[Collected data entries]
──────────────────────────────

(* Let $b\in\mathbb{N}\setminus\{1\}$, $\xi_m\in\{-1,+1\}$ ($m\in\mathbb{Z}_+$) arbitrary, $\phi:\mathbb{R}\to\mathbb{R}$ periodic with period $1$, vanishing on $\mathbb{Z}$, and H\"older continuous with exponent $\gamma\in(0,1]$, and $\psi:(0,\infty)\to(0,\infty)$ submultiplicative with $\psi(b^{-1})\in(0,1)$. Let $f(t)=\sum_{m=0}^\infty \xi_m\psi(b^{-m})\phi(b^mt)$, $t\in[0,1]$, let $\Pi_n:=\{kb^{-n}:k=0,1,\dots,b^n\}$, $n\in\mathbb{N}$, and let $p\ge1$. (i) If $\psi(b^{-1})<b^{-\gamma}$, then $\limsup_{n\to\infty}\frac{RV^p_n(f,\Pi_n)}{b^{p(1-\gamma)n}}<\infty$. (ii) If $\psi(b^{-1})=b^{-\gamma}$, then $\limsup_{n\to\infty}\frac{RV^p_n(f,\Pi_n)}{n^pb^{p(1-\gamma)n}}<\infty$. (iii) If $\psi(b^{-1})>b^{-\gamma}$, then $\limsup_{n\to\infty}\frac{RV^p_n(f,\Pi_n)}{b^{p(1-\beta)n}}<\infty$, where $\beta:=-\log_b(\psi(b^{-1}))\in(0,\gamma)$.
   Context: $\psi$ submultiplicative: $\psi(xy)\le\psi(x)\psi(y)$ for $x,y>0$. For $g:[0,1]\to\mathbb{R}$, $p\ge1$ and a partition $\mathcal{P}=\{0=t_0<t_1<\dots<t_N=1\}$ of $[0,1]$, the $p^{\mathrm{th}}$-order Riesz variation is $RV^p(g,\mathcal{P}):=\sum_{k=0}^{N-1}\frac{|g(t_{k+1})-g(t_k)|^p}{(t_{k+1}-t_k)^{p-1}}$; for the $b$-adic partition this is $RV^p_n(g,\Pi_n)=b^{n(p-1)}\sum_{k=0}^{b^n-1}|g((k+1)b^{-n})-g(kb^{-n})|^p$. *)

theory Defs
  imports "HOL-Analysis.Analysis"
begin

definition riesz_var_badic :: "nat \<Rightarrow> real \<Rightarrow> (real \<Rightarrow> real) \<Rightarrow> nat \<Rightarrow> real" where
  "riesz_var_badic b p g n =
     real b powr (real n * (p - 1)) *
     (\<Sum>k<b ^ n. \<bar>g (real (k + 1) / real b ^ n) - g (real k / real b ^ n)\<bar> powr p)"

definition submultiplicative :: "(real \<Rightarrow> real) \<Rightarrow> bool" where
  "submultiplicative \<psi> \<longleftrightarrow> (\<forall>x>0. \<forall>y>0. \<psi> (x * y) \<le> \<psi> x * \<psi> y)"

end

(* At a b-adic point k b^-n the m-th term of the series vanishes for every m >= n, since b^m k b^-n
   is an integer. So each increment of f over a cell of Pi_n is a finite sum, and the Hoelder bound
   on phi together with psi(b^-m) <= psi(1) psi(1/b)^m bounds it by
   C psi(1) b^(-gamma n) sum_{m<n} q^m,  where q = psi(1/b) b^gamma.
   Hence RV^p_n(f) <= (C psi(1) b^((1-gamma) n) sum_{m<n} q^m)^p, and the three regimes of the
   theorem are those of the geometric sum: q < 1, q = 1 and q > 1, where b^((1-gamma) n) q^n is
   b^((1-beta) n). Only b-adic points enter. *)

theory Submission
  imports Defs
begin

lemma submultiplicative_power_le:
  assumes "submultiplicative \<psi>" "x > 0" "\<psi> x \<ge> 0"
  shows "\<psi> (x ^ m) \<le> \<psi> 1 * \<psi> x ^ m"
proof (induction m)
  case 0
  then show ?case by simp
next
  case (Suc m)
  have "\<psi> (x ^ Suc m) \<le> \<psi> (x ^ m) * \<psi> x"
    using assms unfolding submultiplicative_def by (simp add: mult.commute)
  also have "\<dots> \<le> \<psi> 1 * \<psi> x ^ m * \<psi> x"
    using Suc assms(3) by (rule mult_right_mono)
  finally show ?case by (simp add: mult_ac)
qed

lemma badic_series_eq_partial_sum:
  fixes b k n :: nat and c :: "nat \<Rightarrow> real"
  assumes "b > 0" and \<phi>_nat: "\<And>j::nat. \<phi> (real j) = 0"
  shows "(\<Sum>m. c m * \<phi> (real b ^ m * (real k / real b ^ n)))
       = (\<Sum>m<n. c m * \<phi> (real b ^ m * (real k / real b ^ n)))"
proof (rule suminf_finite)
  fix m assume "m \<notin> {..<n}"
  then have "real b ^ m = real b ^ n * real b ^ (m - n)"
    by (simp flip: power_add)
  then have integral: "real b ^ m * (real k / real b ^ n) = real (k * b ^ (m - n))"
    using assms(1) by simp
  show "c m * \<phi> (real b ^ m * (real k / real b ^ n)) = 0"
    unfolding integral \<phi>_nat by simp
qed simp

lemma badic_increment_le:
  fixes b k n :: nat and c :: "nat \<Rightarrow> real"
  assumes "b > 0"
    and \<phi>_nat: "\<And>j::nat. \<phi> (real j) = 0"
    and \<phi>_hoelder: "\<And>x y. \<bar>\<phi> x - \<phi> y\<bar> \<le> C * \<bar>x - y\<bar> powr \<gamma>"
    and c_le: "\<And>m. \<bar>c m\<bar> \<le> K * a ^ m"
    and f: "\<And>t. f t = (\<Sum>m. c m * \<phi> (real b ^ m * t))"
  shows "\<bar>f (real (k + 1) / real b ^ n) - f (real k / real b ^ n)\<bar>
       \<le> C * K * real b powr (- \<gamma> * real n) * (\<Sum>m<n. (a * real b powr \<gamma>) ^ m)"
proof -
  define x where "x = real (k + 1) / real b ^ n"
  define y where "y = real k / real b ^ n"
  have "f x - f y = (\<Sum>m<n. c m * (\<phi> (real b ^ m * x) - \<phi> (real b ^ m * y)))"
    unfolding f x_def y_def badic_series_eq_partial_sum[where \<phi> = \<phi>, OF assms(1) \<phi>_nat]
    by (simp add: sum_subtractf right_diff_distrib)
  then have "\<bar>f x - f y\<bar> \<le> (\<Sum>m<n. \<bar>c m\<bar> * \<bar>\<phi> (real b ^ m * x) - \<phi> (real b ^ m * y)\<bar>)"
    using sum_abs[of "\<lambda>m. c m * (\<phi> (real b ^ m * x) - \<phi> (real b ^ m * y))" "{..<n}"]
    by (simp add: abs_mult)
  also have "\<dots> \<le> (\<Sum>m<n. K * a ^ m * (C * real b powr ((real m - real n) * \<gamma>)))"
  proof (rule sum_mono)
    fix m
    have "\<bar>real b ^ m * x - real b ^ m * y\<bar> = real b powr (real m - real n)"
      using assms(1) by (simp add: x_def y_def powr_diff powr_realpow field_simps)
    then have "\<bar>\<phi> (real b ^ m * x) - \<phi> (real b ^ m * y)\<bar>
        \<le> C * real b powr ((real m - real n) * \<gamma>)"
      using \<phi>_hoelder assms(1) by (metis powr_powr)
    then show "\<bar>c m\<bar> * \<bar>\<phi> (real b ^ m * x) - \<phi> (real b ^ m * y)\<bar>
        \<le> K * a ^ m * (C * real b powr ((real m - real n) * \<gamma>))"
      using c_le by (intro mult_mono) (auto intro: order_trans[OF abs_ge_zero])
  qed
  also have "\<dots> = C * K * real b powr (- \<gamma> * real n) * (\<Sum>m<n. (a * real b powr \<gamma>) ^ m)"
    using assms(1)
    by (simp add: sum_distrib_left power_mult_distrib powr_realpow[symmetric] powr_powr
        powr_add[symmetric] algebra_simps)
  finally show ?thesis by (simp add: x_def y_def)
qed

lemma riesz_var_badic_le:
  fixes b n :: nat
  assumes "b > 0" "p \<ge> 0"
    and incr_le: "\<And>k. k < b ^ n \<Longrightarrow>
      \<bar>g (real (k + 1) / real b ^ n) - g (real k / real b ^ n)\<bar> \<le> E"
  shows "riesz_var_badic b p g n \<le> (real b ^ n * E) powr p"
proof -
  have E: "E \<ge> 0"
    using incr_le[of 0] assms(1) by (meson abs_ge_zero order_trans zero_less_power)
  have "(\<Sum>k<b ^ n. \<bar>g (real (k + 1) / real b ^ n) - g (real k / real b ^ n)\<bar> powr p)
      \<le> (\<Sum>k<b ^ n. E powr p)"
    by (intro sum_mono powr_mono2 assms(2) abs_ge_zero incr_le) simp
  then have "riesz_var_badic b p g n \<le> real b powr (real n * (p - 1)) * (real b ^ n * E powr p)"
    unfolding riesz_var_badic_def by (intro mult_left_mono) simp_all
  also have "\<dots> = (real b ^ n * E) powr p"
    using assms(1) E
    by (simp add: powr_mult powr_realpow[symmetric] powr_powr powr_add[symmetric] algebra_simps)
  finally show ?thesis .
qed

lemma riesz_var_badic_lacunary_series_le:
  fixes b n :: nat and c :: "nat \<Rightarrow> real"
  assumes "b > 0" "p \<ge> 0"
    and \<phi>_nat: "\<And>j::nat. \<phi> (real j) = 0"
    and \<phi>_hoelder: "\<And>x y. \<bar>\<phi> x - \<phi> y\<bar> \<le> C * \<bar>x - y\<bar> powr \<gamma>"
    and c_le: "\<And>m. \<bar>c m\<bar> \<le> K * a ^ m"
    and f: "\<And>t. f t = (\<Sum>m. c m * \<phi> (real b ^ m * t))"
  shows "riesz_var_badic b p f n
       \<le> (C * K * real b powr ((1 - \<gamma>) * real n) * (\<Sum>m<n. (a * real b powr \<gamma>) ^ m)) powr p"
proof -
  have scale: "real b ^ n *
        (C * K * real b powr (- \<gamma> * real n) * (\<Sum>m<n. (a * real b powr \<gamma>) ^ m))
      = C * K * real b powr ((1 - \<gamma>) * real n) * (\<Sum>m<n. (a * real b powr \<gamma>) ^ m)"
    using assms(1) by (simp add: powr_realpow[symmetric] powr_add[symmetric] algebra_simps)
  show ?thesis
    unfolding scale[symmetric]
    using assms(1,2) badic_increment_le[OF assms(1) \<phi>_nat \<phi>_hoelder c_le f]
    by (rule riesz_var_badic_le)
qed

lemma div_powr_le_powr:
  fixes R F K d p :: real
  assumes "R \<le> F powr p" "0 \<le> F" "F \<le> K * d" "0 \<le> d" "0 \<le> p"
  shows "R / d powr p \<le> K powr p"
proof (cases "d = 0")
  case True
  then show ?thesis by simp
next
  case False
  then have "R / d powr p \<le> F powr p / d powr p"
    using assms by (intro divide_right_mono) auto
  also have "\<dots> = (F / d) powr p"
    using assms by (simp add: powr_divide)
  also have "\<dots> \<le> K powr p"
    using assms False by (intro powr_mono2) (auto simp: divide_le_eq mult.commute)
  finally show ?thesis .
qed

lemma limsup_div_powr_less_infinity:
  fixes R F d :: "nat \<Rightarrow> real"
  assumes "\<And>n. R n \<le> F n powr p" "\<And>n. 0 \<le> F n" "\<And>n. F n \<le> K * d n" "\<And>n. 0 \<le> d n"
    and "0 \<le> p"
  shows "limsup (\<lambda>n. ereal (R n / d n powr p)) < \<infinity>"
proof -
  have "limsup (\<lambda>n. ereal (R n / d n powr p)) \<le> ereal (K powr p)"
    using div_powr_le_powr[OF assms]
    by (intro Limsup_bounded always_eventually allI) simp
  then show ?thesis
    by (rule order.strict_trans1) simp
qed

context
  fixes R :: "nat \<Rightarrow> real" and L B \<gamma> q p :: real
  assumes R_le: "\<And>n. R n \<le> (L * B powr ((1 - \<gamma>) * real n) * (\<Sum>m<n. q ^ m)) powr p"
    and L: "0 \<le> L" and B: "0 < B" and q: "0 \<le> q" and p: "0 \<le> p"
begin

private lemma bound_nonneg: "0 \<le> L * B powr ((1 - \<gamma>) * real n) * (\<Sum>m<n. q ^ m)"
  using L q by (simp add: sum_nonneg)

private lemma powr_scale: "B powr (p * c * real n) = (B powr (c * real n)) powr p"
  by (simp add: powr_powr mult_ac)

lemma limsup_geometric_bound_ratio_less_1:
  assumes "q < 1"
  shows "limsup (\<lambda>n. ereal (R n / B powr (p * (1 - \<gamma>) * real n))) < \<infinity>"
  unfolding powr_scale
proof (rule limsup_div_powr_less_infinity[OF R_le bound_nonneg _ _ p])
  fix n
  have "(\<Sum>m<n. q ^ m) = (1 - q ^ n) / (1 - q)"
    using assms by (simp add: sum_gp_strict)
  also have "\<dots> \<le> 1 / (1 - q)"
    using assms q by (intro divide_right_mono) auto
  finally have "L * B powr ((1 - \<gamma>) * real n) * (\<Sum>m<n. q ^ m)
      \<le> L * B powr ((1 - \<gamma>) * real n) * (1 / (1 - q))"
    using L by (intro mult_left_mono) auto
  then show "L * B powr ((1 - \<gamma>) * real n) * (\<Sum>m<n. q ^ m)
      \<le> L / (1 - q) * B powr ((1 - \<gamma>) * real n)"
    by simp
qed simp

lemma limsup_geometric_bound_ratio_eq_1:
  assumes "q = 1"
  shows "limsup (\<lambda>n. ereal (R n / (real n powr p * B powr (p * (1 - \<gamma>) * real n)))) < \<infinity>"
proof -
  have "real n powr p * B powr (p * (1 - \<gamma>) * real n)
      = (real n * B powr ((1 - \<gamma>) * real n)) powr p" for n
    by (simp add: powr_mult powr_scale)
  then show ?thesis
    by (simp only:) (rule limsup_div_powr_less_infinity[where K = L, OF R_le bound_nonneg _ _ p],
        simp_all add: assms)
qed

lemma limsup_geometric_bound_ratio_greater_1:
  assumes "q > 1" and \<beta>: "B powr (\<gamma> - \<beta>) = q"
  shows "limsup (\<lambda>n. ereal (R n / B powr (p * (1 - \<beta>) * real n))) < \<infinity>"
  unfolding powr_scale
proof (rule limsup_div_powr_less_infinity[OF R_le bound_nonneg _ _ p])
  fix n
  have "(\<Sum>m<n. q ^ m) = (q ^ n - 1) / (q - 1)"
    using assms by (simp add: geometric_sum)
  also have "\<dots> \<le> q ^ n / (q - 1)"
    using assms by (intro divide_right_mono) auto
  finally have "L * B powr ((1 - \<gamma>) * real n) * (\<Sum>m<n. q ^ m)
      \<le> L * B powr ((1 - \<gamma>) * real n) * (q ^ n / (q - 1))"
    using L by (intro mult_left_mono) auto
  also have "\<dots> = L / (q - 1) * (B powr ((1 - \<gamma>) * real n) * q ^ n)"
    by simp
  also have "B powr ((1 - \<gamma>) * real n) * q ^ n = B powr ((1 - \<beta>) * real n)"
    using B by (simp add: \<beta>[symmetric] powr_realpow[symmetric] powr_powr powr_add[symmetric]
        algebra_simps)
  finally show "L * B powr ((1 - \<gamma>) * real n) * (\<Sum>m<n. q ^ m)
      \<le> L / (q - 1) * B powr ((1 - \<beta>) * real n)" .
qed simp

end

theorem theorem4p2:
  fixes b :: nat and \<xi> :: "nat \<Rightarrow> real" and \<phi> \<psi> :: "real \<Rightarrow> real"
    and \<gamma> p :: real and f :: "real \<Rightarrow> real"
  assumes b: "b \<ge> 2"
    and xi: "\<And>m. \<xi> m \<in> {-1, 1}"
    and phi_per: "\<And>x. \<phi> (x + 1) = \<phi> x"
    and phi_int: "\<And>k::int. \<phi> (of_int k) = 0"
    and gamma: "0 < \<gamma>" "\<gamma> \<le> 1"
    and phi_hoelder: "\<exists>C. \<forall>x y. \<bar>\<phi> x - \<phi> y\<bar> \<le> C * \<bar>x - y\<bar> powr \<gamma>"
    and psi_pos: "\<And>x. x > 0 \<Longrightarrow> \<psi> x > 0"
    and psi_sub: "submultiplicative \<psi>"
    and psi_b: "\<psi> (1 / real b) < 1"
    and f_def: "\<And>t. f t = (\<Sum>m. \<xi> m * \<psi> (1 / real b ^ m) * \<phi> (real b ^ m * t))"
    and p: "p \<ge> 1"
  shows
    "(\<psi> (1 / real b) < real b powr (-\<gamma>) \<longrightarrow>
       limsup (\<lambda>n. ereal (riesz_var_badic b p f n / real b powr (p * (1 - \<gamma>) * real n)))
         < \<infinity>) \<and>
     (\<psi> (1 / real b) = real b powr (-\<gamma>) \<longrightarrow>
       limsup (\<lambda>n. ereal (riesz_var_badic b p f n /
                  (real n powr p * real b powr (p * (1 - \<gamma>) * real n)))) < \<infinity>) \<and>
     (\<psi> (1 / real b) > real b powr (-\<gamma>) \<longrightarrow>
       (let \<beta> = - log (real b) (\<psi> (1 / real b)) in
        limsup (\<lambda>n. ereal (riesz_var_badic b p f n / real b powr (p * (1 - \<beta>) * real n)))
          < \<infinity>))"
proof -
  obtain C where hoelder: "\<And>x y. \<bar>\<phi> x - \<phi> y\<bar> \<le> C * \<bar>x - y\<bar> powr \<gamma>"
    using phi_hoelder by blast
  have phi_nat: "\<phi> (real j) = 0" for j :: nat
    using phi_int[of "int j"] by simp
  have "C \<ge> 0"
    using hoelder[of 1 0] phi_nat[of 0] phi_nat[of 1] by simp
  have "real b > 0" "p \<ge> 0"
    using b p by simp_all
  define a where "a = \<psi> (1 / real b)"
  define q where "q = a * real b powr \<gamma>"
  have a: "a > 0" and "C * \<psi> 1 \<ge> 0" and "q \<ge> 0"
    using psi_pos[of 1] psi_pos[of "1 / real b"] b \<open>C \<ge> 0\<close>
    by (simp_all add: a_def q_def)
  have coef: "\<bar>\<xi> m * \<psi> (1 / real b ^ m)\<bar> \<le> \<psi> 1 * a ^ m" for m
    using xi[of m] psi_pos[of "1 / real b ^ m"] b
      submultiplicative_power_le[OF psi_sub, of "1 / real b" m] a
    by (auto simp: a_def power_one_over abs_mult)
  have RV: "riesz_var_badic b p f n
      \<le> (C * \<psi> 1 * real b powr ((1 - \<gamma>) * real n) * (\<Sum>m<n. q ^ m)) powr p" for n
    unfolding q_def using b p
    by (intro riesz_var_badic_lacunary_series_le[OF _ _ phi_nat hoelder coef f_def]) auto
  note bound = RV \<open>C * \<psi> 1 \<ge> 0\<close> \<open>real b > 0\<close> \<open>q \<ge> 0\<close> \<open>p \<ge> 0\<close>
  have q_cases: "a < real b powr -\<gamma> \<longleftrightarrow> q < 1" "a = real b powr -\<gamma> \<longleftrightarrow> q = 1"
      "a > real b powr -\<gamma> \<longleftrightarrow> q > 1"
    using b by (auto simp: q_def powr_minus divide_simps)
  have \<beta>: "real b powr (\<gamma> - (- log (real b) a)) = q"
    using a b by (simp add: q_def powr_add)
  show ?thesis
    using limsup_geometric_bound_ratio_less_1[OF bound]
      limsup_geometric_bound_ratio_eq_1[OF bound]
      limsup_geometric_bound_ratio_greater_1[OF bound _ \<beta>]
    unfolding Let_def a_def[symmetric] q_cases by blast
qed

end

──────────────────────────────

EXERCISE REQUIREMENTS: Look through the records and gather each line with the word "finally".

EXERCISE SOLUTION:
  finally show ?case by (simp add: mult_ac)
  finally show ?thesis by (simp add: x_def y_def)
  finally show ?thesis .
  finally show ?thesis .
  finally have "L * B powr ((1 - \<gamma>) * real n) * (\<Sum>m<n. q ^ m)
  finally have "L * B powr ((1 - \<gamma>) * real n) * (\<Sum>m<n. q ^ m)
  finally show "L * B powr ((1 - \<gamma>) * real n) * (\<Sum>m<n. q ^ m)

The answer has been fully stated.